To keep the accesses to memory aligned the compiler is adding padding if you pack the structure it will no add the padding.

Char are by definition a byte. ints are 4 bytes on a 32 bit system. And the struct is being padded the extra 4.

See http://en.wikipedia.org/wiki/Data_structure_alignment#Typical_alignment_of_C_structs_on_x86 for some explanation of padding

The alignment and total size of the struct are platform and compiler specific. You cannot not expect straightforward and predictable answers here. Compiler can always have some special idea. For example:

struct B
{
    unsigned b0: 1;    // +1 bit
    unsigned char c;  // +8 bits
    unsigned b1: 1;    // +1 bit
};

Compiler can merge fields b0 and b1 into one integer and may not. It is up to compiler. Some compilers have command line keys that control this, some compilers not. Other example:

struct B
{
    unsigned short c, d, e;
};

It is up to compiler to pack/not pack the fields of this struct (asuming 32 bit platform). Layout of the struct can differ between DEBUG and RELEASE builds.

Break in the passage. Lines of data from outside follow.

lemma QuadRes_if_cong_mult_square:
  fixes r x y a :: int
  assumes "prime r" "\<not> r dvd y" "[x ^ 2 = a * y ^ 2] (mod r)"
  shows "QuadRes r a"
proof -
  have "coprime y r"
    using assms(1,2) prime_imp_coprime coprime_commute by blast
  then obtain w where w: "[y * w = 1] (mod r)"
    using cong_solve_coprime_int by blast
  have "[(x * w) ^ 2 = a * (y * w) ^ 2] (mod r)"
    using cong_scalar_right[OF assms(3), of "w ^ 2"] by (simp add: power_mult_distrib ac_simps)
  also have "[a * (y * w) ^ 2 = a * 1 ^ 2] (mod r)"
    using w by (intro cong_scalar_left cong_pow)
  finally show ?thesis
    unfolding QuadRes_def by auto
qed

lemma quartic_symbol_eq_1_if_cong_fourth_power:
  fixes p a x y :: int
  assumes "prime p" "p mod 4 = 1" "\<not> p dvd a" "\<not> p dvd y" "[x ^ 4 = a * y ^ 4] (mod p)"
  shows "quartic_symbol a p = 1"
proof -
  define K where "K = nat ((p - 1) div 4)"
  have "p - 1 = 4 * ((p - 1) div 4)"
    using assms(2) by presburger
  then have K: "nat (p - 1) = 4 * K"
    unfolding K_def by (metis nat_mult_distrib nat_numeral zero_le_numeral)
  have "\<not> p dvd a * y ^ 4"
    using assms(1,3,4) by (simp add: prime_dvd_mult_iff prime_dvd_power_iff)
  moreover have "p dvd x ^ 4 \<longleftrightarrow> p dvd a * y ^ 4"
    using assms(5) by (rule cong_dvd_iff)
  ultimately have "\<not> p dvd x"
    using assms(1) by (auto simp: prime_dvd_power_iff)
  have "[a ^ K = a ^ K * 1] (mod p)"
    by simp
  also have "[a ^ K * 1 = a ^ K * (y ^ 4) ^ K] (mod p)"
    using fermat_theorem_int[OF assms(1,4)] K by (intro cong_scalar_left) (simp add: cong_sym flip: power_mult)
  also have "a ^ K * (y ^ 4) ^ K = (a * y ^ 4) ^ K"
    by (simp add: power_mult_distrib)
  also have "[(a * y ^ 4) ^ K = (x ^ 4) ^ K] (mod p)"
    using assms(5) by (simp add: cong_sym cong_pow)
  also have "[(x ^ 4) ^ K = 1] (mod p)"
    using fermat_theorem_int[OF assms(1) \<open>\<not> p dvd x\<close>] K by (simp flip: power_mult)
  finally show ?thesis
    unfolding quartic_symbol_def K_def by simp
qed

lemma quartic_symbol_uminus:
  fixes p a :: int
  assumes "p mod 8 = 1"
  shows "quartic_symbol (- a) p = quartic_symbol a p"
proof -
  have "even ((p - 1) div 4)"
    using assms by presburger
  then have "even (nat ((p - 1) div 4))"
    by (cases "(p - 1) div 4 \<ge> 0") (simp_all add: even_nat_iff)
  then show ?thesis
    unfolding quartic_symbol_def by simp
qed

lemma quartic_symbol_mult_square:
  fixes p a k :: int
  assumes "prime p" "p mod 4 = 1" "QuadRes p k" "\<not> p dvd k"
  shows "quartic_symbol (a * k ^ 2) p = quartic_symbol a p"
proof -
  define K where "K = nat ((p - 1) div 4)"
  obtain v where "[v ^ 2 = k] (mod p)"
    using assms(3) unfolding QuadRes_def by blast
  then have "[v ^ 4 = k ^ 2 * 1 ^ 4] (mod p)"
    using cong_pow[of "v ^ 2" k p 2] by (simp flip: power_mult)
  moreover have "\<not> p dvd k ^ 2"
    using assms(1,4) by (simp add: prime_dvd_power_iff)
  ultimately have "quartic_symbol (k ^ 2) p = 1"
    using quartic_symbol_eq_1_if_cong_fourth_power[of p "k ^ 2" 1 v] assms(1,2) by auto
  then have "[a ^ K * (k ^ 2) ^ K = a ^ K * 1] (mod p)"
    unfolding quartic_symbol_def K_def by (intro cong_scalar_left) (simp split: if_splits)
  then have "[(a * k ^ 2) ^ K = a ^ K] (mod p)"
    by (simp add: power_mult_distrib)
  then show ?thesis
    unfolding quartic_symbol_def K_def[symmetric] by (metis cong_sym cong_trans)
qed

lemma prime_dvd_solution_QuadRes:
  fixes p d b c m f n r :: int
  assumes "prime p" "p mod 8 = 1"
    and d_QuadRes: "\<And>s. prime s \<Longrightarrow> s dvd d \<Longrightarrow> QuadRes p s"
    and bc: "b * c = p * d ^ 2" and "coprime m f" and n: "n ^ 2 = b * m ^ 4 - c * f ^ 4"
    and "prime r" "r dvd n"
  shows "QuadRes p r"
proof -
  consider "r = p" | "r = 2" | "r dvd d" | "r \<noteq> p" "r \<noteq> 2" "\<not> r dvd d"
    by blast
  then show ?thesis
  proof cases
    case 1
    have "[0 ^ 2 = p] (mod p)"
      by (simp add: cong_def)
    with 1 show ?thesis
      unfolding QuadRes_def by blast
  next
    case 2
    with assms(1,2) show ?thesis
      by (simp add: QuadRes_two)
  next
    case 3
    with d_QuadRes \<open>prime r\<close> show ?thesis
      by blast
  next
    case 4
    have "\<not> r dvd p"
      using 4 \<open>prime r\<close> \<open>prime p\<close> primes_dvd_imp_eq by blast
    have "\<not> r dvd b"
    proof
      assume "r dvd b"
      then have "r dvd p * d ^ 2"
        by (metis bc dvd_mult2)
      with \<open>prime r\<close> \<open>\<not> r dvd p\<close> 4 show False
        by (simp add: prime_dvd_mult_iff prime_dvd_power_iff)
    qed
    have "r dvd n ^ 2"
      using \<open>r dvd n\<close> by (simp add: power2_eq_square)
    then have cong: "[b * m ^ 4 = c * f ^ 4] (mod r)"
      using n by (simp add: cong_iff_dvd_diff)
    have "\<not> r dvd f"
    proof
      assume "r dvd f"
      then have "r dvd c * f ^ 4"
        by (simp add: power_numeral_reduce)
      then have "r dvd b * m ^ 4"
        using cong by (simp add: cong_dvd_iff)
      with \<open>prime r\<close> \<open>\<not> r dvd b\<close> have "r dvd m"
        by (simp add: prime_dvd_mult_iff prime_dvd_power_iff)
      with \<open>r dvd f\<close> \<open>coprime m f\<close> \<open>prime r\<close> show False
        by (meson coprime_common_divisor not_prime_unit)
    qed
    have "[(b * m ^ 2) ^ 2 = b * c * f ^ 4] (mod r)"
      using cong_scalar_left[OF cong, of b] by (simp add: power2_eq_square power4_eq_xxxx ac_simps)
    then have "[(b * m ^ 2) ^ 2 = p * (d * f ^ 2) ^ 2] (mod r)"
      by (simp add: bc power_mult_distrib mult.assoc flip: power_mult)
    moreover have "\<not> r dvd d * f ^ 2"
      using \<open>prime r\<close> 4 \<open>\<not> r dvd f\<close> by (simp add: prime_dvd_mult_iff prime_dvd_power_iff)
    ultimately have "QuadRes r p"
      using \<open>prime r\<close> QuadRes_if_cong_mult_square by blast
    with \<open>\<not> r dvd p\<close> have "Legendre p r = 1"
      by (simp add: Legendre_def cong_0_iff)
    moreover have "p mod 4 = 1"
      using assms(2) by presburger
    ultimately show ?thesis
      using QuadRes_by_reciprocity assms(1) \<open>prime r\<close> 4 by blast
  qed
qed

I would recommend using only the following pattern:

struct B
{
    unsigned b0: 1;
    unsigned b1: 7;
    unsigned b2: 2;
};

When you have sequence of bit fields that share the same type, compiler will put them into one int. Otherwise various aspects can kick in. Also take into account that in a big project you write piece of code and somebody else will write and rewrite the makefile; move your code from one dll into another. At this point compiler flags will be set and changed. 99% chance that those people will have no idea of alignment requirements for your struct. They will not even open your file ever.

You can check the layout of the struct by using offsetof, but it will be something along the lines of:

struct B
{
    unsigned char c;  // +8 bits
    unsigned char pad[3]; //padding
    unsigned int bint; //your b:1 will be the first byte of this one
} b;

Now, it is obvious that (in a 32-bit arch.) the sizeof(b) will be 8, isn't it?

The question is, why 3 bytes of padding, and not more or less?

The answer is that the offset of a field into a struct has the same alignment requirements as the type of the field itself. In your architecture, integers are 4-byte-aligned, so offsetof(b, bint) must be multiple of 4. It cannot be 0, because there is the c before, so it will be 4. If field bint starts at offset 4 and is 4 bytes long, then the size of the struct is 8.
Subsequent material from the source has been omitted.